The findings of the present analysis are consistent with some studies of self-rated health (SRH) trajectories, where SRH has been found to decline with advancing age,8 but contrast with results from a study that showed an increase in SRH at older ages.7 The results of the latter likely reflect a “survivor effect,” whereby individuals with the worst SRH evaluations die and are thus removed from the analysis. Although we did not observe an increase in scores in older people, the difference between models 1 and 3 shows a “survivor effect.”

The differences between the findings of the present study and those of others may reflect differences between HRQL as measured by the HUI3 and the use of SRH as the outcome measure. The HUI3 (in self-reports of health states) and SRH both contain a component of subjectivity, however at different levels. The results of this study highlight the importance of avoiding selection bias by following subjects into health care institutions and by including in the analyses those who die during the follow-up period.


This study is based on self-reported health states that were transformed into a health utility score determined from societal preferences for different health states. Health states may not be accurately reported, and societal preferences for different health states may change over a long period, such as the 10 years covered in this study. Furthermore, the sample suffered attrition over time—in the last cycle analyzed, almost one in five respondents was lost to follow-up (and had not died or entered an institution).
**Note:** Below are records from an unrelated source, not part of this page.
theorem lemma3p9:
  fixes g n k i0 :: nat and y :: "nat \<Rightarrow> real"
  assumes "g \<ge> 1" and "n \<ge> 3" and "k \<in> {1..n}"
    and "y \<in> A_set g n"
    and "\<forall>x\<in>A_set g n. f_fun k y \<le> f_fun k x"
    and "i0 = (LEAST i. 1 \<le> i \<and> y i = y n)"
  shows "i0 \<le> k
    \<and> (\<forall>i\<in>{1..<i0}. y i > y (Suc i))
    \<and> (\<forall>i\<in>{1..<i0}. (\<Prod>j=1..i. y j) = real g * (\<Sum>j=Suc i..n. y j))"
proof -
  interpret f_minimizer g n k i0 y
    using assms by unfold_locales auto
  show ?thesis using i0_le_k y_strict_before_i0 constraint_tight_before_i0 by auto
qed

end
text \<open>Both sides are the trace of \<open>g h\<close> restricted to the first \<open>b\<close> coordinates, computed
  once as \<open>b\<close> and once, after moving \<open>h\<close> to the front, as \<open>a\<close>.\<close>
lemma inverse_triangular_cut_eq:
  assumes inv: "mat_inverse_on {..n} g h" and "a \<le> Suc n" "b \<le> Suc n"
    and g: "\<And>j k. j < a \<Longrightarrow> b \<le> k \<Longrightarrow> k \<le> n \<Longrightarrow> g k j = 0"
    and h: "\<And>j k. j < b \<Longrightarrow> a \<le> k \<Longrightarrow> k \<le> n \<Longrightarrow> h k j = 0"
  shows "a = b"
proof -
  have sub: "{..<a} \<subseteq> {..n}" "{..<b} \<subseteq> {..n}"
    using assms(2,3) by auto
  have "(of_nat b :: rat) = (\<Sum>j<b. \<Sum>k\<le>n. g j k * h k j)"
    using inv sub unfolding mat_inverse_on_def by (simp add: subset_eq)
  also have "\<dots> = (\<Sum>j<b. \<Sum>k<a. g j k * h k j)"
    using sub h by (intro sum.cong refl sum.mono_neutral_right) auto
  also have "\<dots> = (\<Sum>k<a. \<Sum>j<b. h k j * g j k)"
    by (subst sum.swap) (simp add: mult.commute)
  also have "\<dots> = (\<Sum>k<a. \<Sum>j\<le>n. h k j * g j k)"
    using sub g by (intro sum.cong refl sum.mono_neutral_left) auto
  also have "\<dots> = of_nat a"
    using inv sub unfolding mat_inverse_on_def by (simp add: subset_eq)
  finally show ?thesis
    by simp
qed

lemma bstart_Nil [simp]: "bstart [] m = 0"
  by (simp add: bstart_def)

lemma bstart_Cons_Suc [simp]: "bstart (x # xs) (Suc m) = x + bstart xs m"
  by (simp add: bstart_def)

lemma bstart_eq_imp_eq:
  assumes "\<forall>c\<in>set xs. 0 < c" "\<forall>c\<in>set ys. (0::nat) < c" "\<forall>m. bstart xs m = bstart ys m"
  shows "xs = ys"
  using assms
proof (induction xs arbitrary: ys)
  case Nil
  then show ?case
    by (cases ys) (auto dest: spec[of _ "Suc 0"])
next
  case (Cons x xs)
  then show ?case
  proof (cases ys)
    case (Cons y ys')
    have eq: "x + bstart xs m = y + bstart ys' m" for m
      using Cons.prems(3) \<open>ys = y # ys'\<close> bstart_Cons_Suc by metis
    then have "x = y"
      using eq[of 0] by simp
    moreover from eq \<open>x = y\<close> have "\<forall>m. bstart xs m = bstart ys' m"
      by simp
    ultimately show ?thesis
      using Cons.prems(1,2) Cons.IH[of ys'] \<open>ys = y # ys'\<close> by simp
  qed (auto dest: spec[of _ "Suc 0"])
qed

lemma sum_blk_eq_sum_atMost:
  assumes ty: "is_type n cs" and f: "maps_flag n cs cs f" and f': "maps_flag n cs cs f'"
    and "r \<in> blk cs a" "c \<in> blk cs a"
  shows "(\<Sum>k\<in>blk cs a. f r k * f' k c) = (\<Sum>k\<le>n. f r k * f' k c)"
proof (rule sum.mono_neutral_left)
  show "blk cs a \<subseteq> {..n}"
    using in_blk_le[OF ty] by auto
  show "\<forall>k\<in>{..n} - blk cs a. f r k * f' k c = 0"
  proof
    fix k assume k: "k \<in> {..n} - blk cs a"
    show "f r k * f' k c = 0"
    proof (cases "k < bstart cs a")
      case True
      then show ?thesis
        using maps_flagD[OF f True _ in_blk_le[OF ty assms(4)]] assms(4) by (simp add: blk_def)
    next
      case False
      then have "bstart cs (Suc a) \<le> k" "k \<le> n"
        using k by (auto simp: blk_def)
      then have "f' k c = 0"
        using maps_flagD[OF f', of c "Suc a" k] assms(5) by (simp add: blk_def)
      then show ?thesis
        by simp
    qed
  qed
qed simp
If the health status of the group lost to follow-up differed systematically from that of respondents who remained in the study, this could introduce bias into the results. However, respondents who dropped out were relatively similar to those who remained, and were younger. Because of the large number of younger participants in this study, the effect of attrition is likely to be diluted.

The results presented here are descriptive. The growth curve models employed are useful for describing patterns over time, but may not be appropriate for analyses aimed at explaining those patterns. Because age was centred on 40, the intercept is interpreted as the value of HUI for a 40-year-old. For explanatory models, other methods of centering age may be more appropriate and improve interpretability. Even so, analyses centering age on its mean value (57) did not differ substantially from the models presented here.
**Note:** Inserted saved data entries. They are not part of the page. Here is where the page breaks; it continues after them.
(* Fix odd positive integers $k$ and $d$. For every $\delta\in(0,1)$ there exists $\gamma>0$ such that if $r_n\ge\gamma\sqrt{\log n/n}$, then for all $n$ large enough, $$\inf_Q\mathbb{P}(Q\text{ is }\delta\text{-good})\ge 1-2(mkd)^2 n^{-\gamma^2\delta^2/(24d^2)},$$ where the infimum is over all cells $Q$. In particular, if $\gamma^2>24d^2/\delta^2$, then $$\lim_{n\to\infty}\mathbb{P}(\text{every cell }Q\text{ is }\delta\text{-good})=1.$$
   Context: $[0,1]^2$ is viewed as a torus and $\mathbf X=\{X_1,\dots,X_n\}$ are independent uniform points in $[0,1]^2$; $r_n>0$. For odd positive integers $k,d$ set $m=\lceil 2/(kr_n)\rceil$ and $r_n'=2/(km)$. The torus is partitioned into $m^2$ congruent axis-parallel squares of side $1/m$, called cells, and each cell is partitioned into $k^2d^2$ congruent squares of side $1/(mkd)=r_n'/(2d)$, called boxes. For $\delta\in(0,1)$, a cell $Q$ is $\delta$-good if every box $S$ contained in $Q$ satisfies $\frac{(1-\delta)nr_n^2}{4d^2}\le|\mathbf X\cap S|\le\frac{(1+\delta)nr_n^2}{4d^2}$. *)

theory Defs
  imports "HOL-Probability.Probability"
begin

definition unif_sq :: "(real \<times> real) measure" where
  "unif_sq = uniform_measure lborel ({0..<1} \<times> {0..<1})"

definition sample_space :: "nat \<Rightarrow> (nat \<Rightarrow> real \<times> real) measure" where
  "sample_space n = PiM {..<n} (\<lambda>_. unif_sq)"

definition ncells :: "nat \<Rightarrow> real \<Rightarrow> nat" where
  "ncells k r = nat \<lceil>2 / (real k * r)\<rceil>"

definition grid_sq :: "nat \<Rightarrow> nat \<times> nat \<Rightarrow> (real \<times> real) set" where
  "grid_sq N ij = {real (fst ij) / real N ..< (real (fst ij) + 1) / real N}
                 \<times> {real (snd ij) / real N ..< (real (snd ij) + 1) / real N}"

definition cells :: "nat \<Rightarrow> real \<Rightarrow> (real \<times> real) set set" where
  "cells k r = grid_sq (ncells k r) ` ({..<ncells k r} \<times> {..<ncells k r})"

definition boxes :: "nat \<Rightarrow> nat \<Rightarrow> real \<Rightarrow> (real \<times> real) set set" where
  "boxes k d r = (let N = ncells k r * k * d in grid_sq N ` ({..<N} \<times> {..<N}))"

definition npts :: "nat \<Rightarrow> (nat \<Rightarrow> real \<times> real) \<Rightarrow> (real \<times> real) set \<Rightarrow> nat" where
  "npts n X S = card {i. i < n \<and> X i \<in> S}"

definition delta_good ::
  "nat \<Rightarrow> nat \<Rightarrow> real \<Rightarrow> nat \<Rightarrow> real \<Rightarrow> (nat \<Rightarrow> real \<times> real) \<Rightarrow> (real \<times> real) set \<Rightarrow> bool" where
  "delta_good k d \<delta> n r X Q \<longleftrightarrow>
     (\<forall>S\<in>boxes k d r. S \<subseteq> Q \<longrightarrow>
        (1 - \<delta>) * real n * r\<^sup>2 / (4 * real d ^ 2) \<le> real (npts n X S) \<and>
        real (npts n X S) \<le> (1 + \<delta>) * real n * r\<^sup>2 / (4 * real d ^ 2))"

end

(* A box has probability mass 1/(mkd)^2, and since m = ceiling (2/(kr)), the mean number of points
   in a box, n/(mkd)^2, lies between (1 - delta/10) n r^2/(4d^2) and n r^2/(4d^2) as soon as
   kr <= delta/20. Chernoff bounds for this binomial count make a box violate the goodness bounds
   with probability at most 2 exp(-delta^2 n r^2/(20 d^2)) <= 2 n^(-gamma^2 delta^2/(24 d^2)) when
   r >= gamma sqrt(log n / n), and a union bound over the (mkd)^2 boxes gives the first claim.
   Since (mkd)^2 = O(n / log n), the probability that some cell fails is
   O(n^(1 - gamma^2 delta^2/(24 d^2))), which tends to 0 when gamma^2 > 24 d^2/delta^2. *)

theory Submission
  imports Defs
begin

lemma npts_eq_sum_indicator: "real (npts n X S) = (\<Sum>i<n. indicator S (X i))"
proof -
  have "{i. i < n \<and> X i \<in> S} = {..<n} \<inter> {i. X i \<in> S}" by auto
  then show ?thesis unfolding npts_def by (simp add: indicator_def sum.If_cases)
qed

lemma bernoulli_mgf_power_le_exp:
  fixes p t :: real
  assumes "0 \<le> p" "p \<le> 1"
  shows "(1 - p + p * exp t) ^ n \<le> exp (real n * p * (exp t - 1))"
proof -
  have "1 - p + p * exp t \<le> exp (p * (exp t - 1))"
    using exp_ge_add_one_self[of "p * (exp t - 1)"] by (simp add: algebra_simps)
  then have "(1 - p + p * exp t) ^ n \<le> exp (p * (exp t - 1)) ^ n"
    using assms by (intro power_mono) auto
  then show ?thesis by (simp add: exp_of_nat_mult[symmetric] mult.assoc)
qed

context
  fixes M :: "(real \<times> real) measure" and S :: "(real \<times> real) set"
  assumes M: "prob_space M" and S: "S \<in> sets M"
begin

interpretation prob_space M by (fact M)

abbreviation samples :: "nat \<Rightarrow> (nat \<Rightarrow> real \<times> real) measure"
  where "samples n \<equiv> PiM {..<n} (\<lambda>_. M)"

lemma nn_integral_exp_indicator:
  "(\<integral>\<^sup>+x. ennreal (exp (t * indicator S x)) \<partial>M)
     = ennreal (1 - measure M S + measure M S * exp t)"
proof -
  have "(\<integral>\<^sup>+x. ennreal (exp (t * indicator S x)) \<partial>M)
      = (\<integral>\<^sup>+x. ennreal (exp t) * indicator S x + indicator (space M - S) x \<partial>M)"
    by (intro nn_integral_cong) (auto simp: indicator_def)
  also have "\<dots> = ennreal (exp t) * emeasure M S + emeasure M (space M - S)"
    using S by (simp add: nn_integral_add nn_integral_cmult_indicator)
  also have "\<dots> = ennreal (exp t * measure M S + (1 - measure M S))"
    using S by (simp add: emeasure_eq_measure prob_compl ennreal_mult ennreal_plus)
  finally show ?thesis by (simp add: algebra_simps)
qed

lemma nn_integral_exp_npts:
  "(\<integral>\<^sup>+X. ennreal (exp (t * real (npts n X S))) \<partial>samples n)
     = ennreal ((1 - measure M S + measure M S * exp t) ^ n)"
proof -
  interpret product_sigma_finite "\<lambda>_::nat. M"
    by (simp add: product_sigma_finite_def prob_space_imp_sigma_finite M)
  have "exp (t * real (npts n X S)) = (\<Prod>i<n. exp (t * indicator S (X i)))" for X
    unfolding npts_eq_sum_indicator sum_distrib_left by (rule exp_sum) simp
  then have "(\<integral>\<^sup>+X. ennreal (exp (t * real (npts n X S))) \<partial>samples n)
      = (\<integral>\<^sup>+X. (\<Prod>i<n. ennreal (exp (t * indicator S (X i)))) \<partial>samples n)"
    by (simp add: prod_ennreal)
  also have "\<dots> = (\<Prod>i<n. \<integral>\<^sup>+x. ennreal (exp (t * indicator S x)) \<partial>M)"
    using S by (intro product_nn_integral_prod) auto
  also have "\<dots> = ennreal ((1 - measure M S + measure M S * exp t) ^ n)"
    using prob_le_1[of S] by (simp add: nn_integral_exp_indicator ennreal_power del: ennreal_plus)
  finally show ?thesis .
qed

lemma borel_measurable_npts [measurable]:
  "(\<lambda>X. real (npts n X S)) \<in> borel_measurable (samples n)"
  unfolding npts_eq_sum_indicator using S by measurable

lemma prob_npts_Chernoff:
  "measure (samples n) {X \<in> space (samples n). t * a \<le> t * real (npts n X S)}
     \<le> exp (- t * a) * (1 - measure M S + measure M S * exp t) ^ n"
proof -
  interpret P: prob_space "samples n" by (intro prob_space_PiM M)
  have mgf_nonneg: "0 \<le> 1 - measure M S + measure M S * exp t"
    using prob_le_1[of S] by simp
  let ?u = "\<lambda>X. ennreal (exp (t * real (npts n X S)))"
  have "{X \<in> space (samples n). t * a \<le> t * real (npts n X S)}
      = {X \<in> space (samples n). 1 \<le> ennreal (exp (- t * a)) * ?u X}"
    by (auto simp: ennreal_mult[symmetric] exp_add[symmetric] algebra_simps)
  also have "emeasure (samples n) \<dots> \<le> ennreal (exp (- t * a)) * (\<integral>\<^sup>+X. ?u X * indicator (space (samples n)) X \<partial>samples n)"
    by (intro nn_integral_Markov_inequality) measurable
  also have "(\<integral>\<^sup>+X. ?u X * indicator (space (samples n)) X \<partial>samples n) = (\<integral>\<^sup>+X. ?u X \<partial>samples n)"
    by (intro nn_integral_cong) simp
  also have "\<dots> = ennreal ((1 - measure M S + measure M S * exp t) ^ n)"
    by (rule nn_integral_exp_npts)
  also have "ennreal (exp (- t * a)) * \<dots> = ennreal (exp (- t * a) * (1 - measure M S + measure M S * exp t) ^ n)"
    using mgf_nonneg by (simp add: ennreal_mult)
  finally show ?thesis
    using mgf_nonneg by (simp add: P.emeasure_eq_measure)
qed

lemma prob_npts_upper_tail:
  assumes "0 \<le> \<delta>" "\<delta> \<le> 2" "0 \<le> T" and mean: "real n * measure M S \<le> T"
  shows "measure (samples n) {X \<in> space (samples n). (1 + \<delta>) * T < real (npts n X S)}
     \<le> exp (- (\<delta>\<^sup>2 * T / 4))"
proof -
  interpret P: prob_space "samples n" by (intro prob_space_PiM M)
  define p t where "p = measure M S" and "t = \<delta> / 2"
  have p: "0 \<le> p" "p \<le> 1" and t: "0 \<le> t" "t \<le> 1"
    using assms by (auto simp: p_def t_def)
  have "measure (samples n) {X \<in> space (samples n). (1 + \<delta>) * T < real (npts n X S)}
      \<le> measure (samples n) {X \<in> space (samples n). t * ((1 + \<delta>) * T) \<le> t * real (npts n X S)}"
    using t by (intro P.finite_measure_mono) (auto intro: mult_left_mono)
  also have "\<dots> \<le> exp (- t * ((1 + \<delta>) * T)) * (1 - p + p * exp t) ^ n"
    unfolding p_def by (rule prob_npts_Chernoff)
  also have "\<dots> \<le> exp (- t * ((1 + \<delta>) * T)) * exp (real n * p * (exp t - 1))"
    using p by (intro mult_left_mono bernoulli_mgf_power_le_exp) auto
  also have "\<dots> \<le> exp (- t * ((1 + \<delta>) * T)) * exp (T * (t + t\<^sup>2))"
  proof -
    have "real n * p * (exp t - 1) \<le> T * (exp t - 1)"
      using mean t unfolding p_def by (intro mult_right_mono) auto
    also have "\<dots> \<le> T * (t + t\<^sup>2)"
      using exp_bound[of t] t \<open>0 \<le> T\<close> by (intro mult_left_mono) (auto simp: power2_eq_square)
    finally show ?thesis by simp
  qed
  also have "\<dots> = exp (- (\<delta>\<^sup>2 * T / 4))"
    unfolding t_def by (simp add: exp_add[symmetric] power2_eq_square field_simps)
  finally show ?thesis .
qed

lemma prob_npts_lower_tail:
  assumes "0 \<le> \<delta>" "0 \<le> T" and mean: "(1 - \<delta> / 10) * T \<le> real n * measure M S"
  shows "measure (samples n) {X \<in> space (samples n). real (npts n X S) < (1 - \<delta>) * T}
     \<le> exp (- (\<delta>\<^sup>2 * T / 5))"
proof -
  interpret P: prob_space "samples n" by (intro prob_space_PiM M)
  define p s where "p = measure M S" and "s = \<delta> / 2"
  have p: "0 \<le> p" "p \<le> 1" and s: "0 \<le> s"
    using assms by (auto simp: p_def s_def)
  have "measure (samples n) {X \<in> space (samples n). real (npts n X S) < (1 - \<delta>) * T}
      \<le> measure (samples n) {X \<in> space (samples n). - s * ((1 - \<delta>) * T) \<le> - s * real (npts n X S)}"
    using s by (intro P.finite_measure_mono) (auto intro: mult_left_mono)
  also have "\<dots> \<le> exp (s * ((1 - \<delta>) * T)) * (1 - p + p * exp (- s)) ^ n"
    unfolding p_def using prob_npts_Chernoff[where t = "- s"] by simp
  also have "\<dots> \<le> exp (s * ((1 - \<delta>) * T)) * exp (real n * p * (exp (- s) - 1))"
    using p by (intro mult_left_mono bernoulli_mgf_power_le_exp) auto
  also have "\<dots> \<le> exp (s * ((1 - \<delta>) * T)) * exp (- ((1 - \<delta> / 10) * T * (s / (1 + s))))"
  proof -
    have "exp (- s) \<le> 1 / (1 + s)"
      using exp_ge_add_one_self[of s] s by (simp add: exp_minus field_simps)
    then have "exp (- s) - 1 \<le> - (s / (1 + s))"
      using s by (simp add: field_simps)
    then have "real n * p * (exp (- s) - 1) \<le> real n * p * (- (s / (1 + s)))"
      using p by (intro mult_left_mono) auto
    also have "\<dots> \<le> (1 - \<delta> / 10) * T * (- (s / (1 + s)))"
      using mean s unfolding p_def by (intro mult_right_mono_neg) auto
    finally show ?thesis by simp
  qed
  also have "\<dots> = exp (- (\<delta>\<^sup>2 * T / 5) - 3 * \<delta> ^ 3 * T / (10 * (2 + \<delta>)))"
    unfolding s_def using \<open>0 \<le> \<delta>\<close> by (simp add: exp_add[symmetric] field_simps power2_eq_square power3_eq_cube)
  also have "\<dots> \<le> exp (- (\<delta>\<^sup>2 * T / 5))"
    using assms by simp
  finally show ?thesis .
qed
In summary, Canadians are, on average, quite healthy as they age from mid- to later life. While patterns of HRQL are similar for men and women, these deviate when institutionalization and death are considered. Furthermore, ignoring institutionalization and death portrays a healthier population than is actually the case, at least at advanced ages.

This research highlights the importance of moving beyond cross-sectional and household surveys in the study of successful aging. It also illustrates the need for data or surveys that include residents of institutions.
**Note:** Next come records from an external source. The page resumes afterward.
lemma lsq_stable_near_QRE:
  assumes \<eta>: "0 < \<eta>" and \<theta>s: "\<theta>s \<in> carrier_vec d"
    and qre: "is_QRE m n \<eta> (\<lambda>a b. \<phi> a b \<bullet> \<theta>s) \<mu>s \<nu>s"
    and lam: "0 < lam" "\<forall>\<theta>\<in>carrier_vec d. lam * sqnorm \<theta> \<le> sqnorm (lsq_mat m n d \<phi> \<mu>s \<nu>s *\<^sub>v \<theta>)"
  obtains \<epsilon>0 C where "0 < \<epsilon>0" "0 < C"
    "\<And>e1 e2 \<mu>h \<nu>h. 0 \<le> e1 \<Longrightarrow> e1 \<le> \<epsilon>0 \<Longrightarrow> 0 \<le> e2 \<Longrightarrow> e2 \<le> \<epsilon>0 \<Longrightarrow>
      TV m \<mu>h \<mu>s \<le> e1 / 2 \<Longrightarrow> TV n \<nu>h \<nu>s \<le> e2 / 2 \<Longrightarrow>
      (\<exists>!\<theta>. is_lsq_min m n d \<eta> \<phi> \<mu>h \<nu>h \<theta>) \<and>
      (\<forall>\<theta>h. is_lsq_min m n d \<eta> \<phi> \<mu>h \<nu>h \<theta>h \<longrightarrow> sqnorm (\<theta>h - \<theta>s) \<le> C * (e1\<^sup>2 + e2\<^sup>2))"
proof -
  obtain p where p: "0 < p" "\<forall>a\<in>{1..m}. p \<le> \<mu>s a" "\<forall>b\<in>{1..n}. p \<le> \<nu>s b"
    using QRE_pos_lower_bound[OF qre] by blast
  obtain P where P: "\<forall>a\<in>{1..m}. \<forall>b\<in>{1..n}. \<forall>j<d. \<bar>\<phi> a b $ j\<bar> \<le> P" "0 \<le> P"
    using finite_imp_abs_bounded[of "{1..m} \<times> {1..n} \<times> {..<d}" "\<lambda>(a, b, j). \<phi> a b $ j"] by force
  define D where "D = 4 * P\<^sup>2 * real (m - 1 + (n - 1)) * real d"
  define E where "E = 16 * real (m - 1 + (n - 1)) / (\<eta> * p)\<^sup>2"
  \<comment> \<open>\<open>\<epsilon>0 \<le> p / 2\<close> keeps the empirical strategies above \<open>p / 2\<close>, where the log-ratios are
    Lipschitz; \<open>\<epsilon>0 \<le> lam / (16 D + 1)\<close> keeps the perturbation of the matrix below \<open>lam / 8\<close>.\<close>
  define \<epsilon>0 where "\<epsilon>0 = min (p / 2) (min 1 (lam / (16 * D + 1)))"
  define C where "C = 32 / lam * (D * sqnorm \<theta>s + E) + 1"
  have "0 \<le> D" "0 \<le> 32 / lam * (D * sqnorm \<theta>s + E)"
    using lam(1) sqnorm_nonneg[of \<theta>s] unfolding D_def E_def by simp_all
  have "(\<exists>!\<theta>. is_lsq_min m n d \<eta> \<phi> \<mu>h \<nu>h \<theta>) \<and>
      (\<forall>\<theta>h. is_lsq_min m n d \<eta> \<phi> \<mu>h \<nu>h \<theta>h \<longrightarrow> sqnorm (\<theta>h - \<theta>s) \<le> C * (e1\<^sup>2 + e2\<^sup>2))"
    if e: "0 \<le> e1" "e1 \<le> \<epsilon>0" "0 \<le> e2" "e2 \<le> \<epsilon>0"
      and tv: "TV m \<mu>h \<mu>s \<le> e1 / 2" "TV n \<nu>h \<nu>s \<le> e2 / 2" for e1 e2 \<mu>h \<nu>h
  proof -
    have "D * (e1\<^sup>2 + e2\<^sup>2) \<le> lam / 8"
      using e \<open>0 \<le> D\<close> lam(1) by (intro sum_squares_le_of_small) (auto simp: \<epsilon>0_def)
    moreover have "e1 \<le> p / 2" "e2 \<le> p / 2" using e by (auto simp: \<epsilon>0_def)
    ultimately have small: "e1 \<le> p / 2" "e2 \<le> p / 2" "D * (e1\<^sup>2 + e2\<^sup>2) \<le> lam / 8" by auto
    note est = lsq_estimate_near_QRE[OF \<eta> \<theta>s qre lam p P D_def E_def small tv]
    show ?thesis
    proof (intro conjI allI impI)
      show "\<exists>!\<theta>. is_lsq_min m n d \<eta> \<phi> \<mu>h \<nu>h \<theta>" by (rule est(1))
      fix \<theta>h assume "is_lsq_min m n d \<eta> \<phi> \<mu>h \<nu>h \<theta>h"
      from est(2)[OF this] have "sqnorm (\<theta>h - \<theta>s) \<le> 32 / lam * (D * sqnorm \<theta>s + E) * (e1\<^sup>2 + e2\<^sup>2)" .
      also have "\<dots> \<le> C * (e1\<^sup>2 + e2\<^sup>2)" unfolding C_def by (intro mult_right_mono) auto
      finally show "sqnorm (\<theta>h - \<theta>s) \<le> C * (e1\<^sup>2 + e2\<^sup>2)" .
    qed
  qed
  moreover have "0 < \<epsilon>0" "0 < C"
    using p(1) lam(1) \<open>0 \<le> D\<close> \<open>0 \<le> 32 / lam * (D * sqnorm \<theta>s + E)\<close> by (simp_all add: \<epsilon>0_def C_def)
  ultimately show thesis using that by blast
qed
Future research should examine inter-individual variation in healthy aging, and focus on the predictors of successful aging as defined by HRQL. Such research will allow us to better understand aging in terms of health, broadly defined, and to identify ways in which policy and programs can promote healthy aging. 

Funding and conflict of interest

The study was supported by grant AG027129 from the National Institute on Aging, National Institutes of Health. David Feeny has a proprietary interest in Health Utilities Incorporated (HUInc.), Dundas, Ontario, Canada. HUInc. distributes copyrighted Health Utilities Index (HUI) materials and provides methodological advice on the use of HUI. HUInc. received no payment for the use of HUI in the survey from which the data reported in this paper were obtained.